3. Потребность в системе ориентации и привязанности
3. Потребность в системе ориентации и привязанности
На вопрос, поднятый человеческим существованием, возможны разнообразные ответы. Они концентрируются вокруг двух проблем: одна – потребность в системе ориентации и другая – потребность иметь некоторый круг привязанностей.
Каковы возможные ответы на потребность в системе ориентации? До сего дня человек отыскал единственную всеобъемлющую реакцию, наблюдаемую также среди животных, – подчиниться сильному лидеру, который, как предполагается, знает, что лучше всего для групп, который планирует и приказывает и который обещает каждому, что, следуя за ним, тот действует наилучшим образом в интересах всех. Чтобы добиться преданности лидеру или, иначе говоря, придать индивиду достаточно веры в лидера, допускается, что лидер своими качествами превосходит любого из подчиненных.

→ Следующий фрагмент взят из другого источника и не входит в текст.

lemma exists_admissible:
  assumes "w \<in> E0" "w \<notin> H"
  obtains \<xi> where "admissible H \<xi>" "fst \<xi> = w"
proof -
  obtain pick where pick:
    "\<And>u. u \<in> E0 \<Longrightarrow> regular u \<Longrightarrow> u \<notin> H \<Longrightarrow> pick u \<in> E1 \<and> r (pick u) = u \<and> s (pick u) \<notin> H"
    using edge_leaving_H_choice by blast
  define step where "step u = (if regular u then s (pick u) else u)" for u
  define vs where "vs n = (step ^^ n) w" for n
  define f where "f n = (if regular (vs n) then Some (pick (vs n)) else None)" for n
  have vs_Suc: "vs (Suc n) = step (vs n)" for n
    by (simp add: vs_def)
  have vs: "vs n \<in> E0 \<and> vs n \<notin> H" for n
  proof (induction n)
    case 0
    then show ?case
      using assms by (simp add: vs_def)
  next
    case (Suc n)
    then show ?case
      using pick[of "vs n"] source_in_E0 by (auto simp: vs_Suc step_def)
  qed
  have vs_stays: "vs (i + n) = vs n" if "\<not> regular (vs n)" for n i
    by (induction i) (use that in \<open>auto simp: vs_Suc step_def\<close>)
  have shift_iter: "(shift ^^ n) (w, f) = (vs n, \<lambda>i. f (i + n))" for n
    by (induction n) (auto simp: vs_def shift_def vs_Suc step_def f_def)
  have "locally_admissible H ((shift ^^ n) (w, f))" for n
  proof (cases "regular (vs n)")
    case True
    then show ?thesis
      using vs[of n] pick[of "vs n"] by (simp add: shift_iter locally_admissible_def f_def)
  next
    case False
    then have "f (i + n) = None" for i
      using vs_stays[OF False, of i] by (simp add: f_def)
    then show ?thesis
      using vs[of n] False by (simp add: shift_iter locally_admissible_def)
  qed
  then show ?thesis
    using that[of "(w, f)"] by (simp add: admissible_def)
qed

end
lemma cay_connected_conn_set:
  assumes "even n" "2 < n"
  shows "cay_connected (U6n n) (conn_set n)"
proof -
  let ?E = "{(x, y). cay_adj (U6n n) (conn_set n) x y}"
  have edge: "((i, j), (k, l)) \<in> ?E\<^sup>*"
    if "i < 2 * n" "j < 3" "k < 2 * n" "l < 3" "cell_adj (i mod 4) j (k mod 4) l" "i \<noteq> k"
    for i j k l
    using that assms by (auto simp: cay_adj_conn_set_iff)
  have reach_odd: "((0, 0), (k, l)) \<in> ?E\<^sup>*" if "odd k" "k < 2 * n" "l < 3" for k l
  proof (cases "l = 1")
    case True
    then show ?thesis using that by (intro edge) (auto simp: cell_adj_def intro: odd_pos)
  next
    case False
    then have "(l + 2) mod 3 \<noteq> 0" "odd (k mod 4)" "l = ((l + 2) mod 3 + 1) mod 3"
      using that by presburger+
    then have "((0, 0), (2, (l + 2) mod 3)) \<in> ?E\<^sup>*" "((2, (l + 2) mod 3), (k, l)) \<in> ?E\<^sup>*"
      using that assms by (auto intro!: edge simp: cell_adj_def)
    then show ?thesis by (rule rtrancl_trans)
  qed
  have reach: "((0, 0), (k, l)) \<in> ?E\<^sup>*" if "k < 2 * n" "l < 3" for k l
  proof (cases "odd k")
    case False
    then have "even (k mod 4)" by presburger
    then have "((0, 0), (1, (l + 1) mod 3)) \<in> ?E\<^sup>*" "((1, (l + 1) mod 3), (k, l)) \<in> ?E\<^sup>*"
      using False that assms by (auto intro!: reach_odd edge simp: cell_adj_def)
    then show ?thesis by (rule rtrancl_trans)
  qed (use that reach_odd in blast)
  have "sym ?E"
    using cay_adj_conn_set_sym[OF assms(1)] by (auto simp: sym_def)
  then have "(g, h) \<in> ?E\<^sup>*" if "g \<in> carrier (U6n n)" "h \<in> carrier (U6n n)" for g h
    using that reach[of "fst g" "snd g"] reach[of "fst h" "snd h"]
    by (auto simp: U6n_carrier intro: rtrancl_trans dest: symD[OF sym_rtrancl])
  then show ?thesis by (simp add: cay_connected_def)
qed
(* Let $G$ be a graph with a good partition $(X,\mathcal{B})$ and let $P=(x_1,\dots,x_t)$ be a good permutation of $(X,\mathcal{B})$. Then for every $i\in[t]$ we have $\mathcal{A}^P_i\sqsubseteq\mathcal{B}$, and the graph $G[X\cup\mathsf{notmin}(x_i,\{x_i,\dots,x_t\},\mathcal{A}^P_{i-1})]$ is an $X$-interval graph.
   Context: Partitions are into nonempty blocks; $\mathcal{A}\sqsubseteq\mathcal{B}$ means every block of $\mathcal{A}$ is contained in a block of $\mathcal{B}$. $\mathsf{CC}(H)$ is the partition of $V(H)$ into vertex sets of connected components. For a maximal clique $X$ of a chordal graph $H$, $H$ is an $X$-interval graph if there is an ordering $(K_1,\dots,K_k,X)$ of all maximal cliques of $H$ ending with $X$ such that for each vertex the cliques containing it are consecutive. For $X\subseteq V(G)$, $Y\subseteq X$, a partition $\mathcal{B}$ of $V(G)\setminus X$, a block $B$ and $x\in Y$: $N(x)$ is minimal in $B$ for $Y$ if $N(x)\cap B\subseteq N(y)$ for all $y\in Y$; $x$ is removable from $Y$ for $\mathcal{B}$ if $N(x)$ is minimal for $Y$ in at least $|\mathcal{B}|-1$ blocks. A good partition of $G$ is a pair $(X,\mathcal{B})$, $X$ a maximal clique, $\mathcal{B}$ a partition of $V(G)\setminus X$, with (i) $\mathsf{CC}(G-X)\sqsubseteq\mathcal{B}$; (ii) $G[X\cup B]$ is an $X$-interval graph for all $B\in\mathcal{B}$; (iii) there is an ordering $(x_1,\dots,x_t)$ of $X$, called a good permutation of $(X,\mathcal{B})$, with each $x_i$ removable from $\{x_i,\dots,x_t\}$ for $\mathcal{B}$. For $W\subseteq X$, $x\in W$ and a partition $\mathcal{A}$ of $V(G)\setminus X$, $\mathsf{notmin}(x,W,\mathcal{A})$ is the union of the blocks $A\in\mathcal{A}$ in which $N(x)$ is not minimal for $W$. For an ordering $P=(x_1,\dots,x_\ell)$ of a subset of $X$: $\mathcal{A}^P_0=\mathsf{CC}(G-X)$, and for $i\in[\ell]$, $\mathcal{A}^P_i$ is obtained from $\mathcal{A}^P_{i-1}$ by replacing the blocks contained in $\mathsf{notmin}(x_i,X\setminus\{x_1,\dots,x_{i-1}\},\mathcal{A}^P_{i-1})$ by their union (nothing changes if there are none). *)

theory Defs
  imports Main
begin

text \<open>Induced subgraphs G[S] are represented by the
vertex set S together with the same relation E (all notions below are relativised
to the given vertex set).\<close>

definition simple_graph :: "'a set \<Rightarrow> ('a \<Rightarrow> 'a \<Rightarrow> bool) \<Rightarrow> bool" where
  "simple_graph V E \<longleftrightarrow> finite V \<and> (\<forall>x y. E x y \<longrightarrow> E y x) \<and> (\<forall>x. \<not> E x x)"

definition nbhd :: "'a set \<Rightarrow> ('a \<Rightarrow> 'a \<Rightarrow> bool) \<Rightarrow> 'a \<Rightarrow> 'a set" where
  "nbhd V E x = {y \<in> V. E x y}"

definition is_clique :: "'a set \<Rightarrow> ('a \<Rightarrow> 'a \<Rightarrow> bool) \<Rightarrow> 'a set \<Rightarrow> bool" where
  "is_clique V E K \<longleftrightarrow> K \<subseteq> V \<and> (\<forall>x\<in>K. \<forall>y\<in>K. x \<noteq> y \<longrightarrow> E x y)"

definition max_clique :: "'a set \<Rightarrow> ('a \<Rightarrow> 'a \<Rightarrow> bool) \<Rightarrow> 'a set \<Rightarrow> bool" where
  "max_clique V E K \<longleftrightarrow> is_clique V E K \<and> (\<forall>K'. is_clique V E K' \<and> K \<subseteq> K' \<longrightarrow> K' = K)"

definition induced_cycle :: "'a set \<Rightarrow> ('a \<Rightarrow> 'a \<Rightarrow> bool) \<Rightarrow> 'a list \<Rightarrow> bool" where
  "induced_cycle V E cs \<longleftrightarrow> length cs \<ge> 4 \<and> distinct cs \<and> set cs \<subseteq> V \<and>
     (\<forall>i<length cs. \<forall>j<length cs. i \<noteq> j \<longrightarrow>
        (E (cs ! i) (cs ! j) \<longleftrightarrow> (j = Suc i mod length cs \<or> i = Suc j mod length cs)))"

definition chordal :: "'a set \<Rightarrow> ('a \<Rightarrow> 'a \<Rightarrow> bool) \<Rightarrow> bool" where
  "chordal V E \<longleftrightarrow> (\<nexists>cs. induced_cycle V E cs)"

definition X_interval :: "'a set \<Rightarrow> ('a \<Rightarrow> 'a \<Rightarrow> bool) \<Rightarrow> 'a set \<Rightarrow> bool" where
  "X_interval V E X \<longleftrightarrow> chordal V E \<and> max_clique V E X \<and>
     (\<exists>Ks. distinct Ks \<and> set Ks = {K. max_clique V E K} \<and> Ks \<noteq> [] \<and> last Ks = X \<and>
        (\<forall>v\<in>V. \<forall>i j k. i \<le> j \<and> j \<le> k \<and> k < length Ks \<and> v \<in> Ks ! i \<and> v \<in> Ks ! k
              \<longrightarrow> v \<in> Ks ! j))"

definition is_partition :: "'a set set \<Rightarrow> 'a set \<Rightarrow> bool" where
  "is_partition \<P> S \<longleftrightarrow> \<Union>\<P> = S \<and> {} \<notin> \<P> \<and>
     (\<forall>A\<in>\<P>. \<forall>B\<in>\<P>. A \<noteq> B \<longrightarrow> A \<inter> B = {})"

definition refines :: "'a set set \<Rightarrow> 'a set set \<Rightarrow> bool" (infix "\<sqsubseteq>" 50) where
  "\<A> \<sqsubseteq> \<B> \<longleftrightarrow> (\<forall>A\<in>\<A>. \<exists>B\<in>\<B>. A \<subseteq> B)"

definition reach :: "'a set \<Rightarrow> ('a \<Rightarrow> 'a \<Rightarrow> bool) \<Rightarrow> 'a \<Rightarrow> 'a \<Rightarrow> bool" where
  "reach V E = (\<lambda>u v. u \<in> V \<and> v \<in> V \<and> E u v)\<^sup>*\<^sup>*"

definition CC :: "'a set \<Rightarrow> ('a \<Rightarrow> 'a \<Rightarrow> bool) \<Rightarrow> 'a set set" where
  "CC V E = {{v \<in> V. reach V E u v} | u. u \<in> V}"

definition minimal_in :: "'a set \<Rightarrow> ('a \<Rightarrow> 'a \<Rightarrow> bool) \<Rightarrow> 'a \<Rightarrow> 'a set \<Rightarrow> 'a set \<Rightarrow> bool" where
  "minimal_in V E x Y B \<longleftrightarrow> (\<forall>y\<in>Y. nbhd V E x \<inter> B \<subseteq> nbhd V E y)"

Он считается всесильным, всеведущим, священным; он или сам бог, или божественный заместитель, или верховный священнослужитель, владеющий тайнами космоса и осуществляющий ритуалы, необходимые для поддержания его целостности. Для надежности лидеры обычно использовали посулы и угрозы и с их помощью ловко манипулировали подчиненными. Но это далеко не все. Пока человек не достиг достаточно высокой ступени своей эволюции, ему нужен был лидер и он просто жаждал поверить фантастическим историям, показывавшим законность короля, Бога, отца, монарха, священника и пр. Потребность в лидере все еще существует и в самых просвещенных обществах наших дней. Даже в таких странах, как Соединенные Штаты или Советский Союз, решения, касающиеся жизни и смерти каждого, оставлены на усмотрение небольшой группы лидеров, а то и одного человека, формально действующего по праву, данному ему конституцией, – независимо от того, называется она «демократической» или «социалистической». Желая безопасности, люди полюбили собственную зависимость, особенно если ее бремя облегчается для них относительным комфортом материальной жизни и идеологией, именующей промывание мозгов – «образованием», а подчинение – «свободой».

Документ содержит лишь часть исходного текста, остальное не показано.